Flow cytometry was employed to identify and quantify immune cell subsets in fracture callus. Single-cell suspensions of fracture callus cells were stained with live/dead stain (Fixable Viability Dye) and blocked with FcX TruStain PLUS. Cells were then washed, stained in the dark with fluorescently conjugated antibodies for 30 min at 4 °C (Table S2), fixed with Fixation/Permeabilization buffer, and passed through a 40 µm filter. A minimum number of 50,000 cells were targeted for each sample. For all flow cytometry experiments, an unstained control, single-stained controls for all targets, and fluorescence-minus-one tubes for all targets were included for robust determination of negative and positive staining in each channel. Experiments were performed in FACS buffer (PBS containing 2% fetal calf serum and 1 mM EDTA). Immune cells were identified by labeling for CD45+ cells. Of the CD45+ cells, macrophages were identified as Ly6G−/F480+/CD11b+; granulocytes were identified as F480−/Ly6G+; dendritic cells were identified as Ly6G−/F480−/CD11c+; T cells were identified as Ly6G−/F480−/CD11c−/CD11b−/CD3+. Samples were analyzed and compensated on the BD LSRFortessa cytometer using FACSDiva (BD Biosciences) software. Data were analyzed using FlowJo⁶⁸ (v. 10.9) (BD Biosciences).

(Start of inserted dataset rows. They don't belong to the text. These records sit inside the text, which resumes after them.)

(* Let $G$ be a simple connected bipartite graph on $n\ge 3$ vertices with maximum degree $\Delta\le n-2$, and let $S=\sum_{j=1}^{n}D_j$. Suppose $\deg(v_1)=\cdots=\deg(v_k)=\Delta$, and for $1\le i\le k$ let $a_i=(\Delta+1)(S-2D_i-2t_{v_i}\Delta)+2n\Delta^{2}$ and $b_i=D_i^{2}-2S\Delta^{2}+2D_it_{v_i}\Delta+t_{v_i}^{2}\Delta^{2}$. Then (i) $\displaystyle \rho^{\mathcal{D}}(G)\ge \max_{1\le i\le k}\frac{a_i+\sqrt{a_i^{2}+4b_i(1+\Delta)(n-\Delta-1)}}{2(1+\Delta)(n-\Delta-1)}$; (ii) $\displaystyle \rho^{\mathcal{D}}_{min}(G)\le \min_{1\le i\le k}\frac{a_i-\sqrt{a_i^{2}+4b_i(1+\Delta)(n-\Delta-1)}}{2(1+\Delta)(n-\Delta-1)}$.
   Context: $G$ has vertex set $\{v_1,\dots,v_n\}$; $d_G(u,v)$ denotes the distance in $G$. The distance matrix is $\mathcal{D}(G)=(d_G(v_i,v_j))$. The transmission of $v_i$ is $D_i=\sum_{j\ne i}d_G(v_i,v_j)$. For a vertex $v$ of degree $d_v$, $t_v=\frac{1}{d_v}\sum_{v_j\sim v}D_j$. $\rho^{\mathcal{D}}(G)$ and $\rho^{\mathcal{D}}_{min}(G)$ are the largest and least eigenvalues of $\mathcal{D}(G)$. *)

theory Defs
  imports "Jordan_Normal_Form.Char_Poly"
begin

definition simple_graph :: "nat \<Rightarrow> (nat \<Rightarrow> nat \<Rightarrow> bool) \<Rightarrow> bool" where
  "simple_graph n E \<longleftrightarrow> (\<forall>u v. E u v \<longrightarrow> u < n \<and> v < n \<and> u \<noteq> v \<and> E v u)"

definition is_walk :: "(nat \<Rightarrow> nat \<Rightarrow> bool) \<Rightarrow> nat list \<Rightarrow> bool" where
  "is_walk E xs \<longleftrightarrow> xs \<noteq> [] \<and> (\<forall>i. Suc i < length xs \<longrightarrow> E (xs ! i) (xs ! Suc i))"

definition connected_graph :: "nat \<Rightarrow> (nat \<Rightarrow> nat \<Rightarrow> bool) \<Rightarrow> bool" where
  "connected_graph n E \<longleftrightarrow>
     (\<forall>u<n. \<forall>v<n. \<exists>xs. is_walk E xs \<and> hd xs = u \<and> last xs = v)"

definition bipartite_graph :: "nat \<Rightarrow> (nat \<Rightarrow> nat \<Rightarrow> bool) \<Rightarrow> bool" where
  "bipartite_graph n E \<longleftrightarrow> (\<exists>A. \<forall>u<n. \<forall>v<n. E u v \<longrightarrow> (u \<in> A \<longleftrightarrow> v \<notin> A))"

definition gdist :: "(nat \<Rightarrow> nat \<Rightarrow> bool) \<Rightarrow> nat \<Rightarrow> nat \<Rightarrow> nat" where
  "gdist E u v = (LEAST k. \<exists>xs. is_walk E xs \<and> length xs = Suc k \<and> hd xs = u \<and> last xs = v)"

definition degree :: "nat \<Rightarrow> (nat \<Rightarrow> nat \<Rightarrow> bool) \<Rightarrow> nat \<Rightarrow> nat" where
  "degree n E v = card {u. u < n \<and> E v u}"

definition max_degree :: "nat \<Rightarrow> (nat \<Rightarrow> nat \<Rightarrow> bool) \<Rightarrow> nat" where
  "max_degree n E = Max (degree n E ` {0..<n})"

text \<open>Transmission D_v = sum of distances from v.\<close>
definition transmission :: "nat \<Rightarrow> (nat \<Rightarrow> nat \<Rightarrow> bool) \<Rightarrow> nat \<Rightarrow> real" where
  "transmission n E v = (\<Sum>j\<in>{0..<n} - {v}. real (gdist E v j))"

definition tval :: "nat \<Rightarrow> (nat \<Rightarrow> nat \<Rightarrow> bool) \<Rightarrow> nat \<Rightarrow> real" where
  "tval n E v = (\<Sum>u\<in>{u. u < n \<and> E v u}. transmission n E u) / real (degree n E v)"

definition dist_matrix :: "nat \<Rightarrow> (nat \<Rightarrow> nat \<Rightarrow> bool) \<Rightarrow> real mat" where
  "dist_matrix n E = mat n n (\<lambda>(i, j). real (gdist E i j))"

definition rhoD :: "nat \<Rightarrow> (nat \<Rightarrow> nat \<Rightarrow> bool) \<Rightarrow> real" where
  "rhoD n E = Max {k. eigenvalue (dist_matrix n E) k}"

definition rhoD_min :: "nat \<Rightarrow> (nat \<Rightarrow> nat \<Rightarrow> bool) \<Rightarrow> real" where
  "rhoD_min n E = Min {k. eigenvalue (dist_matrix n E) k}"

end

theory Submission
  imports Defs "HOL-Analysis.Function_Topology"
begin

text \<open>For a symmetric matrix every Rayleigh quotient lies between the least and the largest
  eigenvalue; the maximiser of the quadratic form on the (compact) unit sphere is an eigenvector.
  Testing with vectors that are constant on \<open>X = {v} \<union> N(v)\<close> and on its complement
  reduces the distance matrix to the weighted 2x2 quotient matrix of block sums, whose two
  eigenvalues are the roots \<open>(a \<plusminus> sqrt (a\<^sup>2 + 4bc)) / 2c\<close>; both are attained
  as Rayleigh quotients, hence lie in the spectrum's range. In a bipartite graph two neighbours of
  \<open>v\<close> are at distance 2, so the block sum over \<open>X\<close> is \<open>2\<Delta>\<^sup>2\<close>, and
  the remaining block sums are given by \<open>S\<close> and \<open>D\<^sub>v + \<Delta> t\<^sub>v\<close>.\<close>

section \<open>Rayleigh quotients of symmetric matrices\<close>

definition quad_form :: "(nat \<Rightarrow> nat \<Rightarrow> real) \<Rightarrow> nat \<Rightarrow> (nat \<Rightarrow> real) \<Rightarrow> real" where
  "quad_form a n f = (\<Sum>i<n. \<Sum>j<n. a i j * f i * f j)"

definition sq_norm :: "nat \<Rightarrow> (nat \<Rightarrow> real) \<Rightarrow> real" where
  "sq_norm n f = (\<Sum>i<n. (f i)^2)"

lemma sq_norm_nonneg: "0 \<le> sq_norm n f"
  unfolding sq_norm_def by (intro sum_nonneg) simp

lemma sq_norm_eq_0_iff: "sq_norm n f = 0 \<longleftrightarrow> (\<forall>i<n. f i = 0)"
  unfolding sq_norm_def by (subst sum_nonneg_eq_0_iff) auto

lemma quad_form_add_scaled:
  assumes a_sym: "\<And>i j. i < n \<Longrightarrow> j < n \<Longrightarrow> a i j = a j i"
  shows "quad_form a n (\<lambda>i. g i + t * h i)
       = quad_form a n g + 2 * t * (\<Sum>i<n. \<Sum>j<n. a i j * g i * h j) + t^2 * quad_form a n h"
proof -
  have swap: "(\<Sum>i<n. \<Sum>j<n. a i j * h i * g j) = (\<Sum>i<n. \<Sum>j<n. a i j * g i * h j)"
    by (subst sum.swap) (intro sum.cong refl, simp add: a_sym mult_ac)
  have "quad_form a n (\<lambda>i. g i + t * h i) = (\<Sum>i<n. \<Sum>j<n. a i j * g i * g j
      + t * (a i j * g i * h j) + t * (a i j * h i * g j) + t^2 * (a i j * h i * h j))"
    unfolding quad_form_def by (intro sum.cong refl) (simp add: algebra_simps power2_eq_square)
  also have "\<dots> = quad_form a n g + t * (\<Sum>i<n. \<Sum>j<n. a i j * g i * h j)
      + t * (\<Sum>i<n. \<Sum>j<n. a i j * h i * g j) + t^2 * quad_form a n h"
    unfolding quad_form_def by (simp add: sum.distrib sum_distrib_left)
  finally show ?thesis using swap by simp
qed

lemma sq_norm_add_scaled:
  "sq_norm n (\<lambda>i. g i + t * h i) = sq_norm n g + 2 * t * (\<Sum>i<n. g i * h i) + t^2 * sq_norm n h"
  unfolding sq_norm_def by (simp add: power2_eq_square algebra_simps sum.distrib sum_distrib_left)

lemma linear_coeff_eq_0_if_quadratic_nonneg:
  fixes c d :: real
  assumes "\<And>t. 0 \<le> 2 * t * c + t^2 * d"
  shows "c = 0"
proof -
  have d: "d \<ge> 0" using assms[of 1] assms[of "-1"] by simp
  have "0 \<le> 2 * (-c/(d+1)) * c + (-c/(d+1))^2 * d" by (rule assms)
  also have "\<dots> = -(c^2 * (d + 2) / (d+1)^2)"
    using d by (simp add: divide_simps power2_eq_square) (simp add: algebra_simps)
  finally have "c^2 * (d + 2) / (d+1)^2 \<le> 0" by simp
  moreover have "c^2 * (d + 2) / (d+1)^2 \<ge> 0" using d by simp
  ultimately show ?thesis using d by (simp add: add_nonneg_eq_0_iff)
qed

lemma compact_cube_functions:
  "compact {f :: nat \<Rightarrow> real. \<forall>i. f i \<in> (if i < n then {-1..1} else {0})}"
proof -
  have eq: "{f :: nat \<Rightarrow> real. \<forall>i. f i \<in> (if i < n then {-1..1} else {0})}
      = PiE UNIV (\<lambda>i. if i < n then {-1..1::real} else {0})"
    by (auto simp: PiE_def Pi_def)
  have "compactin (product_topology (\<lambda>i. euclidean) UNIV)
      (PiE UNIV (\<lambda>i. if i < n then {-1..1::real} else {0}))"
    by (subst compactin_PiE) auto
  then show ?thesis unfolding eq euclidean_product_topology by simp
qed

lemma rayleigh_maximizer_exists:
  assumes "n > 0"
  shows "\<exists>g. sq_norm n g = 1 \<and> (\<forall>f. quad_form a n f \<le> quad_form a n g * sq_norm n f)"
proof -
  define T where "T = {f :: nat \<Rightarrow> real. \<forall>i. f i \<in> (if i < n then {-1..1} else {0})}"
  define U where "U = T \<inter> {f. sq_norm n f = 1}"
  have "continuous_on UNIV (sq_norm n)" "continuous_on UNIV (quad_form a n)"
    unfolding sq_norm_def quad_form_def
    by (intro continuous_intros continuous_on_product_coordinates)+
  then have "closed {f. sq_norm n f = 1}" and cont: "continuous_on U (quad_form a n)"
    by (auto intro: closed_Collect_eq continuous_on_subset)
  then have "compact U" unfolding U_def T_def by (intro compact_Int_closed compact_cube_functions)
  moreover have "(\<lambda>i. if i = 0 then 1 else 0) \<in> U"
    using assms by (simp add: U_def T_def sq_norm_def if_distrib[of "\<lambda>x. x^2"] cong: if_cong)
  ultimately obtain g where gU: "g \<in> U" and gmax: "\<forall>f\<in>U. quad_form a n f \<le> quad_form a n g"
    using continuous_attains_sup[OF _ _ cont] by blast
  have "quad_form a n f \<le> quad_form a n g * sq_norm n f" for f
  proof (cases "sq_norm n f = 0")
    case True
    then have "quad_form a n f = 0" by (simp add: sq_norm_eq_0_iff quad_form_def)
    with True show ?thesis by simp
  next
    case False
    define s where "s = sqrt (sq_norm n f)"
    have pos: "sq_norm n f > 0" using False sq_norm_nonneg[of n f] by simp
    then have s: "s > 0" "s^2 = sq_norm n f" by (auto simp: s_def)
    define h where "h i = (if i < n then f i / s else 0)" for i
    have qh: "quad_form a n h = quad_form a n f / s^2" and nh: "sq_norm n h = sq_norm n f / s^2"
      by (simp_all add: quad_form_def sq_norm_def h_def sum_divide_distrib power_divide
                        power2_eq_square)
    have "h i \<in> (if i < n then {-1..1} else {0})" for i
    proof (cases "i < n")
      case True
      have "(f i)^2 \<le> sq_norm n f" unfolding sq_norm_def by (rule member_le_sum) (use True in auto)
      then have "(h i)^2 \<le> 1^2" using s pos True by (simp add: h_def power_divide)
      then have "\<bar>h i\<bar> \<le> 1" using abs_le_square_iff[of "h i" 1] by simp
      then show ?thesis using True by (simp add: abs_le_iff)
    qed (simp add: h_def)
    then have "h \<in> U" using nh s pos by (simp add: U_def T_def)
    then have "quad_form a n f / s^2 \<le> quad_form a n g" using gmax qh by auto
    then show ?thesis using s pos by (simp add: divide_le_eq mult.commute)
  qed
  moreover have "sq_norm n g = 1" using gU by (simp add: U_def)
  ultimately show ?thesis by blast
qed

lemma rayleigh_maximizer_is_eigenfunction:
  assumes a_sym: "\<And>i j. i < n \<Longrightarrow> j < n \<Longrightarrow> a i j = a j i"
    and g: "sq_norm n g = 1" and max: "\<And>f. quad_form a n f \<le> quad_form a n g * sq_norm n f"
    and k: "k < n"
  shows "(\<Sum>j<n. a k j * g j) = quad_form a n g * g k"
proof -
  define \<mu> where "\<mu> = quad_form a n g"
  define h where "h i = (if i = k then 1 else (0::real))" for i
  have gh: "(\<Sum>i<n. g i * h i) = g k"
    using k by (simp add: h_def if_distrib[of "\<lambda>x. _ * x"] cong: if_cong)
  have agh: "(\<Sum>i<n. \<Sum>j<n. a i j * g i * h j) = (\<Sum>j<n. a k j * g j)"
    using k a_sym by (simp add: h_def if_distrib[of "\<lambda>x. _ * x"] cong: if_cong)
  define c where "c = \<mu> * g k - (\<Sum>j<n. a k j * g j)"
  define d where "d = \<mu> * sq_norm n h - quad_form a n h"
  have "0 \<le> 2 * t * c + t^2 * d" for t
  proof -
    have "0 \<le> \<mu> * sq_norm n (\<lambda>i. g i + t * h i) - quad_form a n (\<lambda>i. g i + t * h i)"
      using max by (simp add: \<mu>_def)
    also have "\<dots> = \<mu> * (1 + 2 * t * g k + t^2 * sq_norm n h)
        - (\<mu> + 2 * t * (\<Sum>j<n. a k j * g j) + t^2 * quad_form a n h)"
      using quad_form_add_scaled[where a=a and n=n and g=g and t=t and h=h, OF a_sym]
      by (simp add: sq_norm_add_scaled gh agh g \<mu>_def)
    also have "\<dots> = 2 * t * c + t^2 * d" by (simp add: c_def d_def algebra_simps)
    finally show ?thesis .
  qed
  then have "c = 0" by (rule linear_coeff_eq_0_if_quadratic_nonneg)
  then show ?thesis by (simp add: c_def \<mu>_def)
qed

lemma symmetric_top_eigenfunction:
  assumes a_sym: "\<And>i j. i < n \<Longrightarrow> j < n \<Longrightarrow> a i j = a j i" and "n > 0"
  shows "\<exists>g \<mu>. (\<exists>k<n. g k \<noteq> 0) \<and> (\<forall>k<n. (\<Sum>j<n. a k j * g j) = \<mu> * g k)
           \<and> (\<forall>f. quad_form a n f \<le> \<mu> * sq_norm n f)"
proof -
  obtain g where g: "sq_norm n g = 1" and max: "\<And>f. quad_form a n f \<le> quad_form a n g * sq_norm n f"
    using rayleigh_maximizer_exists[OF \<open>n > 0\<close>] by blast
  have "\<exists>k<n. g k \<noteq> 0" using g sq_norm_eq_0_iff[of n g] by auto
  moreover have "\<forall>k<n. (\<Sum>j<n. a k j * g j) = quad_form a n g * g k"
    using rayleigh_maximizer_is_eigenfunction[where a=a and n=n, OF a_sym g max] by blast
  ultimately show ?thesis using max by blast
qed

lemma eigenvalue_mat_if_eigenfunction:
  assumes "\<exists>k<n. g k \<noteq> 0" and eq: "\<And>k. k < n \<Longrightarrow> (\<Sum>j<n. a k j * g j) = \<mu> * g k"
  shows "eigenvalue (mat n n (\<lambda>(i, j). a i j)) \<mu>"
proof -
  have "vec n g \<noteq> 0\<^sub>v n" using assms(1) by (auto simp: vec_eq_iff)
  moreover have "mat n n (\<lambda>(i, j). a i j) *\<^sub>v vec n g = \<mu> \<cdot>\<^sub>v vec n g"
  proof (rule eq_vecI)
    fix i assume "i < dim_vec (\<mu> \<cdot>\<^sub>v vec n g)"
    then show "(mat n n (\<lambda>(i, j). a i j) *\<^sub>v vec n g) $ i = (\<mu> \<cdot>\<^sub>v vec n g) $ i"
      using eq by (simp add: scalar_prod_def lessThan_atLeast0)
  qed simp
  ultimately show ?thesis unfolding eigenvalue_def eigenvector_def by (intro exI[of _ "vec n g"]) auto
qed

Single cell RNA sequencing (scRNAseq)

scRNAseq (Parse Biosciences pipeline) was used to characterize the transcriptomic differences in early response of Intact and Ischemic fracture calluses at 4 and 7 dpf, representing four conditions. For each condition, we sequenced a single biological replicate made up of 8 pooled calluses (equal male/female). Following enzymatic callus digestion, single cell suspensions were fixed using the Parse fixation kit, frozen down to −80 °C in media containing 1.6% DMSO, and subsequently submitted to the University of Michigan Advanced Genomics Core for sequencing using the Parse Biosciences pipeline.

Samples were counted using AO/PI stains on the LunaFx7 automated cell counter (Logos Bio). Samples were prepped according to Parse’s instructions for single-cell whole-transcriptome profiling. Cells were thawed and counted on a hemocytometer prior to barcoding. Samples were loaded into Round 1 Plate, by sample, to receive their initial barcode through an in situ reverse transcription reaction using barcoded primers. Cells were then pooled from all samples and randomly distributed to Round 2 plate, where they received a second barcode through ligation barcoding using a Ligation Mix provided by Parse. This was repeated to generate a unique barcode for each cell. cDNA was quantified by Qubit and assessed on TapeStation 2200 (Agilent). Final libraries were quantified by Qubit and assessed on LabChip GX Touch (Revvity). Sequencing was then performed in a paired-end fashion (150 bp) on a NovaSeq6000. Processing targeted 12,500 cells/sample with a target depth of 50,000 reads/cell. Raw sequencing data was aligned to the GRCm38 reference mouse transcriptome, and all preprocessing, quality control, and bioinformatic analyses were performed using RStudio (v 2024.12.1)⁶⁹ and R⁷⁰ (v. 4.1.3). Data were imported into Seurat (v. 4.1.1)⁷¹ for quality control, filtering, and bioinformatic analysis.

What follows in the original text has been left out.